*Work to complete*
Every line that holds the word "thesis" needs to be copied from the data below.

*Record set*
+ + + + +
(* Let $\alpha_1,\dots,\alpha_n,\beta,\gamma>0$, let $G_{\alpha_1},\dots,G_{\alpha_n}$ be independent gamma random variables with $G_{\alpha_i}$ having density $x^{\alpha_i-1}e^{-x}/\Gamma(\alpha_i)$, and let $H_{\beta,\gamma}=G_\beta/G_\gamma$ be a second kind beta random variable (with $G_\beta,G_\gamma$ independent gamma variables of shapes $\beta,\gamma$ and unit scale), independent of the $G_{\alpha_i}$. Define $(X_1,\dots,X_n)=(G_{\alpha_1}H_{\beta,\gamma},\dots,G_{\alpha_n}H_{\beta,\gamma})$ and $\tilde\alpha=\sum_{j=1}^n\alpha_j$. Then $S_n=X_1+\dots+X_n$ has the same distribution as $G_{\tilde\alpha}H_{\beta,\gamma}$ (with $G_{\tilde\alpha}$ gamma of shape $\tilde\alpha$ independent of $H_{\beta,\gamma}$), and its pdf is $$f_{S_n}(x)=\frac{\Gamma(\tilde\alpha+\gamma)\Gamma(\beta+\gamma)}{\Gamma(\tilde\alpha)\Gamma(\beta)\Gamma(\gamma)}\,x^{\tilde\alpha-1}\,U(\tilde\alpha+\gamma,\tilde\alpha-\beta+1,x),\qquad x>0,$$ and $f_{S_n}(x)=0$ for $x<0$.
   Context: $U(a,b,z)$ is the confluent hypergeometric (Kummer) function of the second kind, $U(a,b,z)=\frac{1}{\Gamma(a)}\int_0^\infty e^{-zt}t^{a-1}(1+t)^{b-a-1}\,dt$ for $a,z>0$. *)

theory Defs
  imports "HOL-Probability.Probability"
begin

definition gamma_density :: "real \<Rightarrow> real \<Rightarrow> real" where
  "gamma_density a x = (if 0 < x then x powr (a - 1) * exp (- x) / Gamma a else 0)"

text \<open>Kummer (confluent hypergeometric) function of the second kind, integral representation
  valid for a > 0, z > 0.\<close>
definition kummerU :: "real \<Rightarrow> real \<Rightarrow> real \<Rightarrow> real" where
  "kummerU a b z = (1 / Gamma a) *
     (LBINT t:{0<..}. exp (- z * t) * t powr (a - 1) * (1 + t) powr (b - a - 1))"

end

theory Submission
  imports Defs
begin

text \<open>Independent gamma variables add their shapes (the convolution of two gamma densities
  reduces to a Beta integral), so \<open>S\<close> is a product \<open>Y B / C\<close> of independent gamma variables of
  shapes \<open>a = \<alpha>t\<close>, \<open>\<beta>\<close>, \<open>\<gamma>\<close>. Its density is obtained by integrating the joint density of
  \<open>(Y B / C, B, C)\<close> over \<open>b\<close> and \<open>c\<close>: substituting \<open>c = b t\<close> makes the integrand factor, and the
  \<open>b\<close>-integral is a gamma integral with rate \<open>1 + t\<close>. What remains is the integral of
  \<open>exp (- x t) t powr (a + \<gamma> - 1) (1 + t) powr (- \<beta> - \<gamma>)\<close> over \<open>t > 0\<close>, which is the integral
  representation of \<open>Gamma (a + \<gamma>) U(a + \<gamma>, a - \<beta> + 1, x)\<close>.\<close>

lemma nn_integral_powr_exp_scaled:
  fixes s c :: real
  assumes s: "0 < s" and c: "0 < c"
  shows "(\<integral>\<^sup>+b. ennreal (b powr (s-1) * exp (-(c*b))) * indicator {0<..} b \<partial>lborel)
         = ennreal (Gamma s / c powr s)"
    (is "?I = _")
proof -
  have pointwise: "ennreal ((c*b) powr (s-1) / exp (c*b)) * indicator {0..} (c*b)
      = ennreal (c powr (s-1)) * (ennreal (b powr (s-1) * exp (-(c*b))) * indicator {0<..} b)" for b
  proof (cases "0 < b")
    case True
    then have "(c*b) powr (s-1) / exp (c*b) = c powr (s-1) * (b powr (s-1) * exp (-(c*b)))"
      using c by (simp add: powr_mult exp_minus field_simps)
    then show ?thesis using True c by (simp add: ennreal_mult)
  qed (use c in \<open>auto simp: indicator_def zero_le_mult_iff\<close>)
  have "ennreal (Gamma s) = (\<integral>\<^sup>+t. ennreal (t powr (s-1) / exp t) * indicator {0..} t \<partial>lborel)"
    by (rule nn_integral_has_integral_lebesgue'[OF _ Gamma_integral_real[OF s], symmetric]) auto
  also have "\<dots> = ennreal c * (\<integral>\<^sup>+b. ennreal ((c*b) powr (s-1) / exp (c*b)) * indicator {0..} (c*b) \<partial>lborel)"
    using nn_integral_real_affine[of "\<lambda>t. ennreal (t powr (s-1) / exp t) * indicator {0..} t" c 0] c
    by simp
  also have "\<dots> = ennreal c * ennreal (c powr (s-1)) * ?I"
    by (simp add: pointwise nn_integral_cmult mult.assoc)
  also have "\<dots> = ennreal (c powr s) * ?I"
    using c by (simp add: ennreal_mult[symmetric] powr_diff)
  finally have "ennreal (Gamma s) = ennreal (c powr s) * ?I" .
  then have "?I = ennreal (Gamma s) / ennreal (c powr s)"
    using c by (simp add: mult.commute[of "ennreal (c powr s)"] mult_divide_eq_ennreal)
  then show ?thesis
    using c s by (simp add: divide_ennreal Gamma_real_pos less_imp_le)
qed

lemma nn_integral_Beta:
  fixes a b :: real
  assumes "0 < a" "0 < b"
  shows "(\<integral>\<^sup>+t. ennreal (t powr (a-1) * (1-t) powr (b-1)) * indicator {0<..<1} t \<partial>lborel)
         = ennreal (Beta a b)"
proof -
  have "(\<integral>\<^sup>+t. ennreal (t powr (a-1) * (1-t) powr (b-1)) * indicator {0..1} t \<partial>lborel) = ennreal (Beta a b)"
    by (rule nn_integral_has_integral_lebesgue'[OF _ has_integral_Beta_real[OF assms]]) auto
  also have "(\<lambda>t. ennreal (t powr (a-1) * (1-t) powr (b-1)) * indicator {0..1} t)
     = (\<lambda>t::real. ennreal (t powr (a-1) * (1-t) powr (b-1)) * indicator {0<..<1} t)"
    by (auto simp: indicator_def fun_eq_iff)
  finally show ?thesis .
qed

lemma nn_integral_Beta_scaled:
  fixes a b x :: real
  assumes a: "0 < a" and b: "0 < b" and x: "0 < x"
  shows "(\<integral>\<^sup>+y. ennreal ((x-y) powr (a-1) * y powr (b-1)) * indicator {0<..<x} y \<partial>lborel)
         = ennreal (x powr (a+b-1) * Beta b a)"
proof -
  have pointwise: "ennreal ((x - x*t) powr (a-1) * (x*t) powr (b-1)) * indicator {0<..<x} (x*t)
     = ennreal (x powr (a+b-2)) * (ennreal (t powr (b-1) * (1-t) powr (a-1)) * indicator {0<..<1} t)" for t
  proof (cases "0 < t \<and> t < 1")
    case True
    have "x - x*t = x * (1-t)" by (simp add: algebra_simps)
    then have "(x - x*t) powr (a-1) * (x*t) powr (b-1)
        = (x powr (a-1) * x powr (b-1)) * (t powr (b-1) * (1-t) powr (a-1))"
      using True x by (simp add: powr_mult)
    also have "x powr (a-1) * x powr (b-1) = x powr (a+b-2)"
      by (simp add: powr_add[symmetric])
    finally show ?thesis using True x by (simp add: ennreal_mult[symmetric])
  next
    case False
    then have "\<not> (0 < x*t \<and> x*t < x)" using x by (auto simp: zero_less_mult_iff)
    then show ?thesis using False by (auto simp: indicator_def)
  qed
  have "(\<integral>\<^sup>+y. ennreal ((x-y) powr (a-1) * y powr (b-1)) * indicator {0<..<x} y \<partial>lborel)
      = ennreal x * (\<integral>\<^sup>+t. ennreal ((x - x*t) powr (a-1) * (x*t) powr (b-1)) * indicator {0<..<x} (x*t) \<partial>lborel)"
    using nn_integral_real_affine[of "\<lambda>y. ennreal ((x-y) powr (a-1) * y powr (b-1)) * indicator {0<..<x} y" x 0] x
    by simp
  also have "\<dots> = ennreal x * ennreal (x powr (a+b-2)) * ennreal (Beta b a)"
    by (simp add: pointwise nn_integral_cmult nn_integral_Beta[OF b a] mult.assoc)
  also have "\<dots> = ennreal (x powr (a+b-1) * Beta b a)"
    using x a b powr_add[of x 1 "a+b-2"]
    by (simp add: ennreal_mult[symmetric] Beta_def less_imp_le)
  finally show ?thesis .
qed

lemma gamma_density_nonneg: "0 < a \<Longrightarrow> 0 \<le> gamma_density a x"
  by (simp add: gamma_density_def)

lemma borel_measurable_gamma_density[measurable]: "gamma_density a \<in> borel_measurable borel"
  unfolding gamma_density_def by measurable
+ + + + +
*Answer area*
    then show ?thesis using True c by (simp add: ennreal_mult)
  then show ?thesis
  finally show ?thesis .
    finally show ?thesis using True x by (simp add: ennreal_mult[symmetric])
    then show ?thesis using False by (auto simp: indicator_def)
  finally show ?thesis .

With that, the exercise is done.